Improving operational performance and reducing fuel consumption is increasingly important for shipping companies. Ship performance degrades over time due to hull and propeller fouling; therefore assessing when fouling effects are significant enough to warrant cleaning is critical. Advancements in onboard data logging systems, combined with machine learning techniques, unlock the potential to predict fouling effects accurately and determine when to clean. This study evaluates five models for shaft power prediction: Multiple Linear Regression, Decision Tree (AdaBoost), K – Nearest Neighbours, Artificial Neural Network and Random Forest. The importance of pre-processing is highlighted, contributing to the creation of a model with lower errors than previous studies. The significance of environmental parameters was explored, with the novel integration of wave statistics to the operational dataset, and simulated power-speed curves created from predictions to identify performance deterioration due to fouling. The Random Forest model was most effective in predicting shaft power, with an error of 1.17%. The addition of ‘Days Since Clean’ and ‘Significant Wave Height’ increased prediction accuracy by 0.07% and 0.12% respectively. Simulated power-speed curves revealed a 5.2% increase in shaft power due to fouling.
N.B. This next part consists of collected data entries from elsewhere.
(* For every DBI normal formula $\varphi$, the pointed action model $(\mathcal{U}_\varphi,0)$ (more precisely, its pointed frame $(\langle E^\varphi,Q^\varphi\rangle,0)$) is privatized with respect to $\varphi$.
   Context: Agents $\mathcal{A}=\{1,\dots,n\}$, $n>1$; language $\mathcal{L}$: $\varphi ::= p \mid \neg\varphi \mid (\varphi\wedge\varphi)\mid B_i\varphi$, $\top$ the usual tautology. An action model $\mathcal{U}=\langle E,Q,\mathsf{pre}\rangle$ has a nonempty set $E$ of events, relations $Q_i\subseteq E\times E$, $\mathsf{pre}:E\to\mathcal{L}$. Target agents: $\mathsf{ta}(p)=\varnothing$, $\mathsf{ta}(\neg\phi)=\mathsf{ta}(\phi)$, $\mathsf{ta}(\phi\wedge\psi)=\mathsf{ta}(\phi)\cup\mathsf{ta}(\psi)$, $\mathsf{ta}(B_i\phi)=\{i\}$. DBI formulas: $\varphi ::= B_i\xi \mid B_i(\xi\wedge\varphi)\mid(\varphi\wedge\varphi)\mid B_i\varphi$, $\xi$ purely propositional. DBI normal: $B_i\xi$ always; $B_i\varphi$, $B_i(\xi\wedge\varphi)$ iff $\varphi$ DBI normal and $i\notin\mathsf{ta}(\varphi)$; $\varphi\wedge\psi$ iff both DBI normal and $\mathsf{ta}(\varphi)\cap\mathsf{ta}(\psi)=\varnothing$. Action model $\mathcal{U}_\varphi=\langle E^\varphi,Q^\varphi,\mathsf{pre}^\varphi\rangle$ for DBI normal $\varphi$, recursively; always $E^\varphi=\{0,-1\}\sqcup D^\varphi$, $\varnothing\ne D^\varphi\subseteq\{1,2,\dots\}$, $\mathsf{pre}^\varphi(0)=\mathsf{pre}^\varphi(-1)=\top$; $\underline{Q}_j:=Q_j\cap((E\setminus\{0\})\times(E\setminus\{0\}))$. (1) $\varphi=B_i\xi$: $D=\{m\}$, $\mathsf{pre}(m)=\xi$, $Q_j=\{(0,-1),(m,-1),(-1,-1)\}$ ($j\ne i$), $Q_i=\{(0,m),(m,m),(-1,-1)\}$. (2) $\varphi=B_i\psi$: fresh $m\ge1$, $m\notin D^\psi$; $D^\varphi=D^\psi\sqcup\{m\}$; $\mathsf{pre}^\varphi$ extends $\mathsf{pre}^\psi$ with $\mathsf{pre}^\varphi(m)=\top$; $Q^\varphi_j=\underline{Q}^\psi_j\cup\{(0,-1)\}\cup\{(m,k)\mid(0,k)\in Q^\psi_j\}$ ($j\ne i$); $Q^\varphi_i=\underline{Q}^\psi_i\cup\{(0,m),(m,m)\}$. (3) $\varphi=B_i(\xi\wedge\psi)$: as (2) but $\mathsf{pre}^\varphi(m)=\xi$. (4) $\varphi=\psi\wedge\theta$: with $D^\psi\cap D^\theta=\varnothing$, $D^\varphi=D^\psi\sqcup D^\theta$, $\mathsf{pre}^\varphi=\mathsf{pre}^\psi\cup\mathsf{pre}^\theta$, $Q^\varphi_j=\underline{Q}^\psi_j\cup\underline{Q}^\theta_j\cup\{(0,k)\mid(0,k)\in Q^\psi_j\cup Q^\theta_j, k\in D^\psi\sqcup D^\theta\}\cup\{(0,-1)\mid\text{no such }k\text{ exists}\}$. Modal syntactic tree $\mathcal{T}_\varphi$ of a DBI formula (an out-tree with unlabeled root, other nodes labeled by agents/modalities): $\mathcal{T}_{B_i\xi}$ is a root with one child labeled $B_i$; $\mathcal{T}_{B_i\psi}=\mathcal{T}_{B_i(\xi\wedge\psi)}$ is obtained by labeling the root of $\mathcal{T}_\psi$ with $B_i$ and making it the only child of a new root; $\mathcal{T}_{\psi\wedge\theta}$ is the disjoint union of $\mathcal{T}_\psi$ and $\mathcal{T}_\theta$ with their roots identified. $RootP(\varphi)$ is the set of paths in $\mathcal{T}_\varphi$ starting at the root (of any length $l\ge0$); the agent sequence $\mathsf{agSeq}(\sigma)=(i_1,\dots,i_l)$ of such a path lists the agents labeling its non-root nodes in order (empty for the empty path). For a frame $\mathcal{F}=\langle W,R\rangle$, $w\in W$ and an agent sequence $(i_1,\dots,i_l)$, the cluster is $C^{i_1,\dots,i_l}_{\mathcal{F},w}=\{u\in W\mid \exists u_2,\dots,u_l\in W:\ wR_{i_1}u_2R_{i_2}\cdots u_lR_{i_l}u\}$, with $C^\varepsilon_{\mathcal{F},w}=\{w\}$. $\mathcal{A}^l_{\mathrm{nsr}}$ is the set of agent sequences of length $l$ with no two successive equal agents. $(\mathcal{F},w)$ is privatized w.r.t. $\varphi$ iff for every $\sigma\in RootP(\varphi)$: $C^{\mathsf{agSeq}(\sigma)}_{\mathcal{F},w}\neq\varnothing$ and for every $s\in\bigcup_{l\ge0}\mathcal{A}^l_{\mathrm{nsr}}\setminus\{\mathsf{agSeq}(\sigma)\}$, $C^{\mathsf{agSeq}(\sigma)}_{\mathcal{F},w}\cap C^{s}_{\mathcal{F},w}=\varnothing$. *)

theory Defs
  imports Main
begin

datatype 'p fm = Prop 'p | Neg "'p fm" | Conj "'p fm" "'p fm" | Bel nat "'p fm"

text \<open>The usual tautology (its atom is irrelevant; we fix an arbitrary one).\<close>
definition fm_top :: "'p fm" where
  "fm_top = Neg (Conj (Prop undefined) (Neg (Prop undefined)))"

primrec agents_of :: "'p fm \<Rightarrow> nat set" where
  "agents_of (Prop p) = {}"
| "agents_of (Neg a) = agents_of a"
| "agents_of (Conj a b) = agents_of a \<union> agents_of b"
| "agents_of (Bel i a) = insert i (agents_of a)"

primrec propositional :: "'p fm \<Rightarrow> bool" where
  "propositional (Prop p) = True"
| "propositional (Neg a) = propositional a"
| "propositional (Conj a b) = (propositional a \<and> propositional b)"
| "propositional (Bel i a) = False"

primrec ta :: "'p fm \<Rightarrow> nat set" where
  "ta (Prop p) = {}"
| "ta (Neg a) = ta a"
| "ta (Conj a b) = ta a \<union> ta b"
| "ta (Bel i a) = {i}"

inductive dbi_normal :: "'p fm \<Rightarrow> bool" where
  bel_prop: "propositional \<xi> \<Longrightarrow> dbi_normal (Bel i \<xi>)"
| bel: "dbi_normal \<phi> \<Longrightarrow> i \<notin> ta \<phi> \<Longrightarrow> dbi_normal (Bel i \<phi>)"
| bel_conj: "propositional \<xi> \<Longrightarrow> dbi_normal \<phi> \<Longrightarrow> i \<notin> ta \<phi>
      \<Longrightarrow> dbi_normal (Bel i (Conj \<xi> \<phi>))"
| conj: "dbi_normal \<phi> \<Longrightarrow> dbi_normal \<psi> \<Longrightarrow> ta \<phi> \<inter> ta \<psi> = {}
      \<Longrightarrow> dbi_normal (Conj \<phi> \<psi>)"

text \<open>Events are integers; the event set is {0,-1} plus D with D a nonempty set
of positive integers. An action model is given by (D, Q, pre) with
E = {0,-1} \<union> D.  The relation below describes all admissible outcomes
of the recursive construction (for every choice of fresh events).\<close>

definition under :: "int set \<Rightarrow> (int \<times> int) set \<Rightarrow> (int \<times> int) set" where
  "under E R = R \<inter> ((E - {0}) \<times> (E - {0}))"

definition evs :: "int set \<Rightarrow> int set" where
  "evs D = {0, -1} \<union> D"

inductive U_model :: "'p fm \<Rightarrow> int set \<Rightarrow> (nat \<Rightarrow> (int \<times> int) set) \<Rightarrow> (int \<Rightarrow> 'p fm) \<Rightarrow> bool"
where
  base: "propositional \<xi> \<Longrightarrow> (m::int) \<ge> 1 \<Longrightarrow>
     U_model (Bel i \<xi>) {m}
       (\<lambda>j. if j = i then {(0,m),(m,m),(-1,-1)} else {(0,-1),(m,-1),(-1,-1)})
       ((\<lambda>_. fm_top)(m := \<xi>))"
| bel: "U_model \<psi> D Q pre \<Longrightarrow> (m::int) \<ge> 1 \<Longrightarrow> m \<notin> D \<Longrightarrow>
     U_model (Bel i \<psi>) (insert m D)
       (\<lambda>j. if j = i then under (evs D) (Q j) \<union> {(0,m),(m,m)}
            else under (evs D) (Q j) \<union> {(0,-1)} \<union> {(m,k) | k. (0,k) \<in> Q j})
       (pre(m := fm_top))"
| bel_conj: "propositional \<xi> \<Longrightarrow> U_model \<psi> D Q pre \<Longrightarrow> (m::int) \<ge> 1 \<Longrightarrow> m \<notin> D \<Longrightarrow>
     U_model (Bel i (Conj \<xi> \<psi>)) (insert m D)
       (\<lambda>j. if j = i then under (evs D) (Q j) \<union> {(0,m),(m,m)}
            else under (evs D) (Q j) \<union> {(0,-1)} \<union> {(m,k) | k. (0,k) \<in> Q j})
       (pre(m := \<xi>))"
| conj: "U_model \<psi> D1 Q1 pre1 \<Longrightarrow> U_model \<theta> D2 Q2 pre2 \<Longrightarrow> D1 \<inter> D2 = {} \<Longrightarrow>
     U_model (Conj \<psi> \<theta>) (D1 \<union> D2)
       (\<lambda>j. under (evs D1) (Q1 j) \<union> under (evs D2) (Q2 j)
            \<union> {(0,k) | k. (0,k) \<in> Q1 j \<union> Q2 j \<and> k \<in> D1 \<union> D2}
            \<union> {(0,-1) | _::unit. \<not> (\<exists>k. (0,k) \<in> Q1 j \<union> Q2 j \<and> k \<in> D1 \<union> D2)})
       (\<lambda>k. if k \<in> D1 then pre1 k else pre2 k)"

text \<open>Non-root nodes of the modal syntactic tree, labelled by agents; the
(unlabelled) root is represented by the list of its children.\<close>
datatype ltree = Node (label: nat) (children: "ltree list")

text \<open>Modal syntactic tree (children of the root). On DBI formulas this agrees
with the paper's definition: propositional subformulas contribute nothing.\<close>
primrec mtree :: "'p fm \<Rightarrow> ltree list" where
  "mtree (Prop p) = []"
| "mtree (Neg a) = mtree a"
| "mtree (Conj a b) = mtree a @ mtree b"
| "mtree (Bel i a) = [Node i (mtree a)]"

text \<open>Paths starting at the root, given as the list of non-root nodes visited.\<close>
inductive rootpath :: "ltree list \<Rightarrow> ltree list \<Rightarrow> bool" where
  nil: "rootpath F []"
| cons: "t \<in> set F \<Longrightarrow> rootpath (children t) p \<Longrightarrow> rootpath F (t # p)"

definition RootP :: "'p fm \<Rightarrow> ltree list set" where
  "RootP \<phi> = {\<sigma>. rootpath (mtree \<phi>) \<sigma>}"

definition agSeq :: "ltree list \<Rightarrow> nat list" where
  "agSeq \<sigma> = map label \<sigma>"

primrec reach :: "'w set \<Rightarrow> (nat \<Rightarrow> ('w \<times> 'w) set) \<Rightarrow> 'w \<Rightarrow> nat list \<Rightarrow> 'w \<Rightarrow> bool" where
  "reach W R w [] u = (u = w)"
| "reach W R w (i # s) u = (\<exists>v \<in> W. (w, v) \<in> R i \<and> reach W R v s u)"

definition cluster :: "'w set \<Rightarrow> (nat \<Rightarrow> ('w \<times> 'w) set) \<Rightarrow> 'w \<Rightarrow> nat list \<Rightarrow> 'w set" where
  "cluster W R w s = {u \<in> W. reach W R w s u}"

definition nsr :: "nat \<Rightarrow> nat list \<Rightarrow> bool" where
  "nsr n s \<longleftrightarrow> set s \<subseteq> {1..n} \<and> (\<forall>k. Suc k < length s \<longrightarrow> s ! k \<noteq> s ! Suc k)"

definition privatized :: "nat \<Rightarrow> 'w set \<Rightarrow> (nat \<Rightarrow> ('w \<times> 'w) set) \<Rightarrow> 'w \<Rightarrow> 'p fm \<Rightarrow> bool" where
  "privatized n W R w \<phi> \<longleftrightarrow>
     (\<forall>\<sigma> \<in> RootP \<phi>. cluster W R w (agSeq \<sigma>) \<noteq> {} \<and>
        (\<forall>s. nsr n s \<and> s \<noteq> agSeq \<sigma> \<longrightarrow> cluster W R w (agSeq \<sigma>) \<inter> cluster W R w s = {}))"

end

theory Submission
  imports Defs
begin

text \<open>Write 0 for the root event and -1 for the sink of \<open>U\<^sub>\<phi>\<close>. Along the construction of
  \<open>U\<^sub>\<phi>\<close> one maintains that every agent outside \<open>ta \<phi>\<close> leads from 0 straight into the sink,
  that every event other than -1 is reached from 0 along at most one agent sequence without
  successive repetitions, and that every root path of the modal syntactic tree is realised by such
  a sequence ending outside the sink. For \<open>B\<^sub>i \<psi>\<close> this holds because the fresh event is the only
  \<open>i\<close>-successor of 0 and copies the other out-edges of the old root, which a repetition-free
  sequence cannot use after an \<open>i\<close>-step; for \<open>\<psi> \<and> \<theta>\<close> the disjoint sets of target agents send the
  first step into the right conjunct. Privatization follows: a common event of two clusters would
  be reached along two different repetition-free sequences.\<close>

lemma nsr_distinct_adj: "nsr n s \<Longrightarrow> distinct_adj s"
  by (simp add: nsr_def distinct_adj_conv_nth)
lemma Dsplit_Qf:
  assumes "a \<le> N"
  shows "Dsplit N (Qf (int a)) =
    (\<Sum>i\<in>{1..N}. const (alpha * of_int (int a - int i)) * (pvar i * Qf (int a - int i)))"
proof -
  have "const (of_nat (i + j) * alpha) * (pvar i * pvar j * dp (i + j) (Qf (int a)))
      = pvar i * (pvar j * Qf (int a - int i - int j))" if "i \<ge> 1" for i j
  proof -
    have "const (alpha * of_nat (i + j)) * dp (i + j) (Qf (int a)) = Qf (int a - int i - int j)"
      using that const_mult_dp_Qf[of "i + j" "int a"] by (simp add: algebra_simps)
    then show ?thesis
      by (simp add: ac_simps)
  qed
  then have "Dsplit N (Qf (int a)) = (\<Sum>i\<in>{1..N}. pvar i * (\<Sum>j\<in>{1..N}. pvar j * Qf (int a - int i - int j)))"
    unfolding Dsplit_def sum_distrib_left by (intro sum.cong refl) auto
  also have "\<dots> = (\<Sum>i\<in>{1..N}. pvar i * (const (alpha * of_int (int a - int i)) * Qf (int a - int i)))"
    using assms by (intro sum.cong refl arg_cong2[where f = "(*)"] newton_Qf) auto
  finally show ?thesis
    by (simp add: ac_simps)
qed

lemma Djoin_Qf:
  assumes "a \<le> N"
  shows "Djoin N (Qf (int a)) = (\<Sum>m\<in>{1..N}. of_nat (m - 1) * (pvar m * Qf (int a - int m)))"
proof -
  have "const (of_nat (i * j) * alpha ^ 2) * (pvar (i + j) * dp i (dp j (Qf (int a))))
      = pvar (i + j) * Qf (int a - int (i + j))" if "i \<ge> 1" "j \<ge> 1" for i j
  proof -
    have "const (of_nat (i * j) * alpha ^ 2) * dp i (dp j (Qf (int a)))
        = const (alpha * of_nat i) * dp i (const (alpha * of_nat j) * dp j (Qf (int a)))"
      by (simp add: dp_const_mult const_mult power2_eq_square ac_simps)
    also have "\<dots> = Qf (int a - int (i + j))"
      using that by (simp add: const_mult_dp_Qf algebra_simps)
    finally show ?thesis
      by (simp add: ac_simps)
  qed
  then have "Djoin N (Qf (int a)) = (\<Sum>i\<in>{1..N}. \<Sum>j\<in>{1..N}. pvar (i + j) * Qf (int a - int (i + j)))"
    unfolding Djoin_def by (intro sum.cong refl) auto
  also have "\<dots> = (\<Sum>m\<in>{1..N}. of_nat (m - 1) * (pvar m * Qf (int a - int m)))"
    using assms by (intro sum_pairs_by_sum_index[where G = "\<lambda>m. pvar m * Qf (int a - int m)"]) (simp add: Qf_neg)
  finally show ?thesis .
qed

lemma Deuler_Qf:
  "Deuler N (Qf (int a)) = (\<Sum>k\<in>{1..N}. const ((alpha - 1) * of_nat k) * (pvar k * Qf (int a - int k)))"
proof -
  have "const (alpha * (alpha - 1)) * (const (of_nat (k ^ 2)) * (pvar k * dp k (Qf (int a))))
      = const ((alpha - 1) * of_nat k) * (pvar k * Qf (int a - int k))" if "k \<ge> 1" for k
  proof -
    have "const (alpha * (alpha - 1)) * (const (of_nat (k ^ 2)) * (pvar k * dp k (Qf (int a))))
        = const ((alpha - 1) * of_nat k) * (pvar k * (const (alpha * of_nat k) * dp k (Qf (int a))))"
      by (simp only: const_mult of_nat_mult power2_eq_square ac_simps)
    then show ?thesis
      using that by (simp only: const_mult_dp_Qf)
  qed
  then show ?thesis
    unfolding Deuler_def sum_distrib_left by (intro sum.cong refl) auto
qed

lemma Dtrunc_Qf:
  assumes "a \<le> N"
  shows "Dtrunc N (Qf (int a)) = const (alpha ^ 2 * of_nat a ^ 2 - alpha * of_nat a) * Qf (int a)"
proof -
  \<comment> \<open>coefficient of p_m Q_{a-m}: alpha (a - m) + (m - 1) + (alpha - 1) m = alpha a - 1\<close>
  have "Dtrunc N (Qf (int a)) = (\<Sum>m\<in>{1..N}. const (alpha * of_nat a - 1) * (pvar m * Qf (int a - int m)))"
    unfolding Dtrunc_def Dsplit_Qf[OF assms] Djoin_Qf[OF assms] Deuler_Qf sum.distrib[symmetric]
    by (intro sum.cong refl) (auto simp: of_nat_diff const_diff const_mult const_of_nat algebra_simps)
  also have "\<dots> = const (alpha * of_nat a - 1) * (const (alpha * of_nat a) * Qf (int a))"
  proof -
    have "(\<Sum>m\<in>{1..N}. pvar m * Qf (int a - int m)) = const (alpha * of_nat a) * Qf (int a)"
      using newton_Qf[of "int a" N] assms by simp
    then show ?thesis
      unfolding sum_distrib_left[symmetric] by simp
  qed
  finally show ?thesis
    by (simp add: const_diff const_mult power2_eq_square algebra_simps)
qed

section \<open>The join form on products of functions Q\<close>

definition join_Q :: "nat \<Rightarrow> nat \<Rightarrow> sym" where
  "join_Q a b = (\<Sum>i\<in>{1..a}. \<Sum>j\<in>{1..b}. pvar (i + j) * (Qf (int a - int i) * Qf (int b - int j)))"

lemma join_form_Qf:
  assumes "a \<le> N" "b \<le> N"
  shows "join_form N (Qf (int a)) (Qf (int b)) = join_Q a b"
proof -
  have "const (of_nat (i * j) * alpha ^ 2) * (pvar (i + j) * (dp i (Qf (int a)) * dp j (Qf (int b))))
      = pvar (i + j) * (Qf (int a - int i) * Qf (int b - int j))" if "i \<ge> 1" "j \<ge> 1" for i j
  proof -
    have "const (of_nat (i * j) * alpha ^ 2) * (dp i (Qf (int a)) * dp j (Qf (int b)))
        = (const (alpha * of_nat i) * dp i (Qf (int a))) * (const (alpha * of_nat j) * dp j (Qf (int b)))"
      by (simp add: const_mult power2_eq_square ac_simps)
    also have "\<dots> = Qf (int a - int i) * Qf (int b - int j)"
      using that by (simp only: const_mult_dp_Qf)
    finally show ?thesis
      by (simp add: ac_simps)
  qed
  then have "join_form N (Qf (int a)) (Qf (int b))
      = (\<Sum>i\<in>{1..N}. \<Sum>j\<in>{1..N}. pvar (i + j) * (Qf (int a - int i) * Qf (int b - int j)))"
    unfolding join_form_def by (intro sum.cong refl) auto
  also have "\<dots> = (\<Sum>i\<in>{1..N}. \<Sum>j\<in>{1..b}. pvar (i + j) * (Qf (int a - int i) * Qf (int b - int j)))"
    using assms by (intro sum.cong refl sum.mono_neutral_right) (auto simp: Qf_neg)
  also have "\<dots> = join_Q a b"
    unfolding join_Q_def using assms by (intro sum.mono_neutral_right) (auto simp: Qf_neg)
  finally show ?thesis .
qed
This study provides operators with a method to determine when to conduct hull and propeller cleaning.

Type: Article
Title: Machine learning for shaft power prediction and analysis of fouling related performance deterioration
Open access status: An open access version is available from UCL Discovery
DOI: 10.1016/j.oceaneng.2021.108886
Publisher version: https://doi.org/10.1016/j.oceaneng.2021.108886
Language: English
Additional information: This version is the author accepted manuscript. For information on re-use, please refer to the publisher’s terms and conditions.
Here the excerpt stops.